Is an Idaho C Corporation Taxed at Corporate Level?

Yes. An Idaho C-Corporation pays a flat 21% taxes on the profits at the corporate level first. The Idaho C-Corporation will file its tax return separate from all owners/shareholders. After that, individual shareholders pay taxes on dividends paid by the corporation at a reduced, qualified dividend rate.

Can an Idaho C-corporation own an LLC in Coeur d’Alene?

  • Since a C-corporation is its own legal identity (with natural human-like rights), a C corporation can own an interest in an LLC.
  • An LLC has little rules on who can have ownership/membership, and A C-corporation has little to no regulations on what it can own.

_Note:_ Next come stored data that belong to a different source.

(* Let $\mathcal{H}$ be a real Hilbert space, $N\ge2$, $A_1,\dots,A_N:\mathcal{H}\rightrightarrows\mathcal{H}$ maximally monotone, $\theta\in(0,1)$, and $\Gamma\subseteq\mathbb{R}_{++}$ a nonempty closed interval. For $\gamma\in\Gamma$ let $T_\gamma:\mathcal{H}^{N-1}\to\mathcal{H}^{N-1}$ be the Malitsky--Tam operator and, for $\gamma,\delta\in\mathbb{R}_{++}$, let $\tilde{\mathcal{Q}}_{\delta\leftarrow\gamma}$ be the relocator, both defined in the context. Then for any nonempty bounded set $S\subseteq\bigcup_{\gamma\in\Gamma}(\operatorname{Fix}T_\gamma\times\{\gamma\})$ there exists $L\ge0$ with $\|\tilde{\mathcal{Q}}_{\delta\leftarrow\gamma}\mathbf{x}-\tilde{\mathcal{Q}}_{\gamma\leftarrow\gamma}\mathbf{x}\|\le L|\delta-\gamma|$ for all $\delta\in\Gamma$ and all $(\mathbf{x},\gamma)\in S$.
   Context: $J_A=(\mathrm{Id}+A)^{-1}$. Malitsky--Tam operator: for $\mathbf{x}=(x^1,\dots,x^{N-1})\in\mathcal{H}^{N-1}$, set $z^1=J_{\gamma A_1}x^1$, $z^i=J_{\gamma A_i}(z^{i-1}+x^i-x^{i-1})$ for $i=2,\dots,N-1$, $z^N=J_{\gamma A_N}(z^1+z^{N-1}-x^{N-1})$, and $T_\gamma\mathbf{x}=\mathbf{x}+\theta(z^2-z^1,\dots,z^N-z^{N-1})$. Relocator: $\tilde{\mathcal{Q}}^1_{\delta\leftarrow\gamma}\mathbf{x}=\frac{\delta}{\gamma}x^1+(1-\frac{\delta}{\gamma})J_{\gamma A_1}x^1$ and $\tilde{\mathcal{Q}}^i_{\delta\leftarrow\gamma}\mathbf{x}=\frac{\delta}{\gamma}(x^i-x^1)+\tilde{\mathcal{Q}}^1_{\delta\leftarrow\gamma}\mathbf{x}$ for $i=2,\dots,N-1$; $\tilde{\mathcal{Q}}_{\delta\leftarrow\gamma}=(\tilde{\mathcal{Q}}^1_{\delta\leftarrow\gamma},\dots,\tilde{\mathcal{Q}}^{N-1}_{\delta\leftarrow\gamma})$. $\mathcal{H}^{N-1}$ carries the product Hilbert norm. *)

theory Defs
  imports "HOL-Analysis.Analysis"
begin

definition monotone_op :: "('a::real_inner \<Rightarrow> 'a set) \<Rightarrow> bool" where
  "monotone_op A \<longleftrightarrow> (\<forall>x y u v. u \<in> A x \<longrightarrow> v \<in> A y \<longrightarrow> inner (x - y) (u - v) \<ge> 0)"

definition max_monotone :: "('a::real_inner \<Rightarrow> 'a set) \<Rightarrow> bool" where
  "max_monotone A \<longleftrightarrow> monotone_op A \<and>
     (\<forall>x u. (\<forall>y v. v \<in> A y \<longrightarrow> inner (x - y) (u - v) \<ge> 0) \<longrightarrow> u \<in> A x)"

text \<open>Resolvent J_{gamma A} = (Id + gamma A)^{-1}: the point z with x \<in> z + gamma A z
  (unique and existing for maximally monotone A and gamma > 0, by Minty).\<close>
definition resolvent :: "real \<Rightarrow> ('a::real_inner \<Rightarrow> 'a set) \<Rightarrow> 'a \<Rightarrow> 'a" where
  "resolvent \<gamma> A x = (THE z. \<exists>u \<in> A z. x = z + \<gamma> *\<^sub>R u)"

text \<open>Points of H^{N-1} are functions nat \<Rightarrow> 'a, only indices 1..N-1 are relevant.
  mt_z computes z^1,...,z^{N-1} (index i), recursively.\<close>
fun mt_zr :: "(nat \<Rightarrow> 'a::real_inner \<Rightarrow> 'a set) \<Rightarrow> real \<Rightarrow> (nat \<Rightarrow> 'a) \<Rightarrow> nat \<Rightarrow> 'a" where
  "mt_zr A \<gamma> x 0 = 0"
| "mt_zr A \<gamma> x (Suc i) =
     (if i = 0 then resolvent \<gamma> (A 1) (x 1)
      else resolvent \<gamma> (A (Suc i)) (mt_zr A \<gamma> x i + x (Suc i) - x i))"

definition mt_z :: "nat \<Rightarrow> (nat \<Rightarrow> 'a::real_inner \<Rightarrow> 'a set) \<Rightarrow> real \<Rightarrow> (nat \<Rightarrow> 'a) \<Rightarrow> nat \<Rightarrow> 'a" where
  "mt_z N A \<gamma> x i =
     (if i = N then resolvent \<gamma> (A N) (mt_zr A \<gamma> x 1 + mt_zr A \<gamma> x (N - 1) - x (N - 1))
      else mt_zr A \<gamma> x i)"

definition mt_op :: "nat \<Rightarrow> (nat \<Rightarrow> 'a::real_inner \<Rightarrow> 'a set) \<Rightarrow> real \<Rightarrow> real \<Rightarrow> (nat \<Rightarrow> 'a) \<Rightarrow> nat \<Rightarrow> 'a" where
  "mt_op N A \<theta> \<gamma> x i = x i + \<theta> *\<^sub>R (mt_z N A \<gamma> x (Suc i) - mt_z N A \<gamma> x i)"

definition mt_fix :: "nat \<Rightarrow> (nat \<Rightarrow> 'a::real_inner \<Rightarrow> 'a set) \<Rightarrow> real \<Rightarrow> real \<Rightarrow> (nat \<Rightarrow> 'a) set" where
  "mt_fix N A \<theta> \<gamma> = {x. \<forall>i\<in>{1..N-1}. mt_op N A \<theta> \<gamma> x i = x i}"

definition reloc :: "(nat \<Rightarrow> 'a::real_inner \<Rightarrow> 'a set) \<Rightarrow> real \<Rightarrow> real \<Rightarrow> (nat \<Rightarrow> 'a) \<Rightarrow> nat \<Rightarrow> 'a" where
  "reloc A \<delta> \<gamma> x i =
     (let q1 = (\<delta> / \<gamma>) *\<^sub>R x 1 + (1 - \<delta> / \<gamma>) *\<^sub>R resolvent \<gamma> (A 1) (x 1)
      in if i = 1 then q1 else (\<delta> / \<gamma>) *\<^sub>R (x i - x 1) + q1)"

definition pnorm :: "nat \<Rightarrow> (nat \<Rightarrow> 'a::real_normed_vector) \<Rightarrow> real" where
  "pnorm N x = sqrt (\<Sum>i\<in>{1..N-1}. (norm (x i))\<^sup>2)"

end

theory Submission
  imports Defs
begin

(* The two relocators differ by ((delta - gamma) / gamma) (x^i - J_{gamma A_1} x^1), so it suffices
   to bound gamma^{-1} times the distance of x to J_{gamma A_1} x^1 uniformly on S.  Here gamma is
   bounded below by min Gamma > 0, and J_{gamma A_1} x^1 stays bounded because the resolvent is
   nonexpansive and maps y + gamma v to y for any (y, v) in the graph of A_1.

   Since the resolvent is a definite description, its existence (Minty's theorem) has to be
   proved: minimise r + (|x|^2 + |u|^2)/2 over the epigraph of the Fitzpatrick function of a
   maximally monotone B; the variational inequality at the minimiser (x0, u0) gives
   -x0 \<in> B (-u0), and testing it against this very pair forces x0 = -u0. *)

section \<open>Minimising a quadratic over a closed convex set\<close>

lemma parallelogram_law:
  fixes a b :: "'a::real_inner"
  shows "(norm (a + b))\<^sup>2 + (norm (a - b))\<^sup>2 = 2 * (norm a)\<^sup>2 + 2 * (norm b)\<^sup>2"
  by (simp add: power2_norm_eq_inner inner_add_left inner_add_right inner_diff_left
      inner_diff_right inner_commute)

lemma norm_add_scaleR_square:
  fixes a w :: "'a::real_inner"
  shows "(norm (a + t *\<^sub>R w))\<^sup>2 = (norm a)\<^sup>2 + 2 * t * inner a w + t\<^sup>2 * (norm w)\<^sup>2"
proof -
  have "(norm (a + t *\<^sub>R w))\<^sup>2 = inner (a + t *\<^sub>R w) (a + t *\<^sub>R w)"
    by (simp add: power2_norm_eq_inner)
  also have "\<dots> = inner a a + 2 * t * inner a w + t\<^sup>2 * inner w w"
    by (simp add: inner_add_left inner_add_right inner_commute power2_eq_square algebra_simps)
  finally show ?thesis by (simp add: power2_norm_eq_inner)
qed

This is an excellent paring.

Can an Idaho C-corporation own an S-corporation?

  • An Idaho S-corporation can own a C-corporation.
  • But a C-corporation cannot own an S-corporation.
  • An S-corporation has little rules about what it can own but has strict rules on who can own it. Idaho S-corporations can only be owned by an individual, who is the US. Citizen or a single-member LLC that is taxed as an Idaho Sole Proprietor.
  • Whereas the Idaho C-corporation has little rules about who can own it, or what it can own, but would be disqualified to purchase shares of an Idaho S-Corporation. The Idaho C-corporation is neither an individual nor a single-member LLC being taxed as a pass-through, which are the requirements for an Idaho S-corporation ownership.

Filing an Idaho C-Corporation 

An Idaho C-Corporation can have considerable advantages to pass-through entities as to greater fringe benefits. As employees, owner-employees of an Idaho C-Corporation qualify for certain employee fringe benefits.

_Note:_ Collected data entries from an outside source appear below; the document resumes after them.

text \<open>B_+ : sum of the components of positive degree, i.e. zero constant term\<close>
definition PolyRing_plus :: "nat \<Rightarrow> 'a::field mpol set" where
  "PolyRing_plus n = {p \<in> PolyRing n. hcomp 0 p = 0}"

definition k_subalgebra :: "nat \<Rightarrow> 'a::field mpol set \<Rightarrow> bool" where
  "k_subalgebra n A \<longleftrightarrow> A \<subseteq> PolyRing n \<and> (\<forall>c. Const c \<in> A) \<and>
     (\<forall>p\<in>A. \<forall>q\<in>A. p + q \<in> A \<and> p * q \<in> A)"

definition graded :: "'a::field mpol set \<Rightarrow> bool" where
  "graded A \<longleftrightarrow> (\<forall>p\<in>A. \<forall>d. hcomp d p \<in> A)"

definition retraction :: "nat \<Rightarrow> 'a::field mpol set \<Rightarrow> ('a mpol \<Rightarrow> 'a mpol) \<Rightarrow> bool" where
  "retraction n A \<pi> \<longleftrightarrow>
     (\<forall>p\<in>PolyRing n. \<forall>q\<in>PolyRing n. \<pi> (p + q) = \<pi> p + \<pi> q \<and> \<pi> (p * q) = \<pi> p * \<pi> q)
     \<and> \<pi> 1 = 1 \<and> \<pi> ` PolyRing n = A \<and> (\<forall>a\<in>A. \<pi> a = a)"

definition gen_algebra :: "nat \<Rightarrow> 'a::field mpol set \<Rightarrow> 'a mpol set" where
  "gen_algebra n S = \<Inter>{C. k_subalgebra n C \<and> S \<subseteq> C}"
(* Let $k\ge1$, let $\theta_1,\dots,\theta_{k+1}\in[-\frac{\pi}{2},\frac{\pi}{2}]$ be pairwise distinct, $\theta_{\min}=\min_{p\ne j}|\theta_p-\theta_j|$, and $a=(a_1,\dots,a_{k+1})^T\in\mathbb C^{k+1}$ with $|a_j|\ge m_{\min}>0$ for all $j$. Let $A=(\phi_{2k}(e^{i\theta_1}),\dots,\phi_{2k}(e^{i\theta_{k+1}}))$. For $q\le k$ and $\hat\theta_1,\dots,\hat\theta_q\in\mathbb R$, $\hat a(q)=(\hat a_1,\dots,\hat a_q)^T\in\mathbb C^q$, let $\hat A(q)=(\phi_{2k}(e^{i\hat\theta_1}),\dots,\phi_{2k}(e^{i\hat\theta_q}))$. Then $$\min_{\hat a_p\in\mathbb C,\ \hat\theta_p\in\mathbb R,\ p=1,\dots,q}\|\hat A(q)\hat a(q)-Aa\|_2\ge\frac{\zeta(k+1)\,\xi(k)\,m_{\min}\,\theta_{\min}^{2k}}{\pi^{2k}}.$$
   Context: $\phi_s(z)=(1,z,\dots,z^s)^T$. For an integer $k\ge1$: $\zeta(k)=\big((\tfrac{k-1}{2})!\big)^2$ if $k$ is odd, $\zeta(k)=(\tfrac{k}{2})!(\tfrac{k-2}{2})!$ if $k$ is even; $\xi(1)=\frac12$, $\xi(k)=\frac{(\frac{k-1}{2})!(\frac{k-3}{2})!}{4}$ if $k\ge3$ is odd, $\xi(k)=\frac{((\frac{k-2}{2})!)^2}{4}$ if $k$ is even. *)

theory Defs
  imports "HOL-Analysis.Analysis"
begin

text \<open>phi_s(z) = (1, z, ..., z^s)^T, as a function of the row index i = 0..s.\<close>
definition phi :: "nat \<Rightarrow> complex \<Rightarrow> nat \<Rightarrow> complex" where
  "phi s z i = (if i \<le> s then z ^ i else 0)"

definition zeta :: "nat \<Rightarrow> real" where
  "zeta k = (if odd k then (fact ((k - 1) div 2))^2
             else fact (k div 2) * fact ((k - 2) div 2))"

definition xi :: "nat \<Rightarrow> real" where
  "xi k = (if k = 1 then 1/2
           else if odd k then fact ((k - 1) div 2) * fact ((k - 3) div 2) / 4
           else (fact ((k - 2) div 2))^2 / 4)"

definition vnorm2 :: "nat \<Rightarrow> (nat \<Rightarrow> complex) \<Rightarrow> real" where
  "vnorm2 s v = sqrt (\<Sum>i\<le>s. (cmod (v i))^2)"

Example: Idaho Health insurance can be wholly tax-free to Idaho C-Corporation owner-employees (through full deduction by the C-Corporation and full tax exemption for the owner-employee).

Another advantage of the Idaho C-Corporation is that they are less likely to be subject to passive loss deduction limitations. These limit the opportunity to deduct losses from activities the taxpayer doesn’t “materially participate” in, against income from investments or other businesses.

Another tax disadvantage of Idaho C-Corporation status is its limited ability to report for tax purposes on the cash method of accounting, which generally defers tax as compared to the accrual method.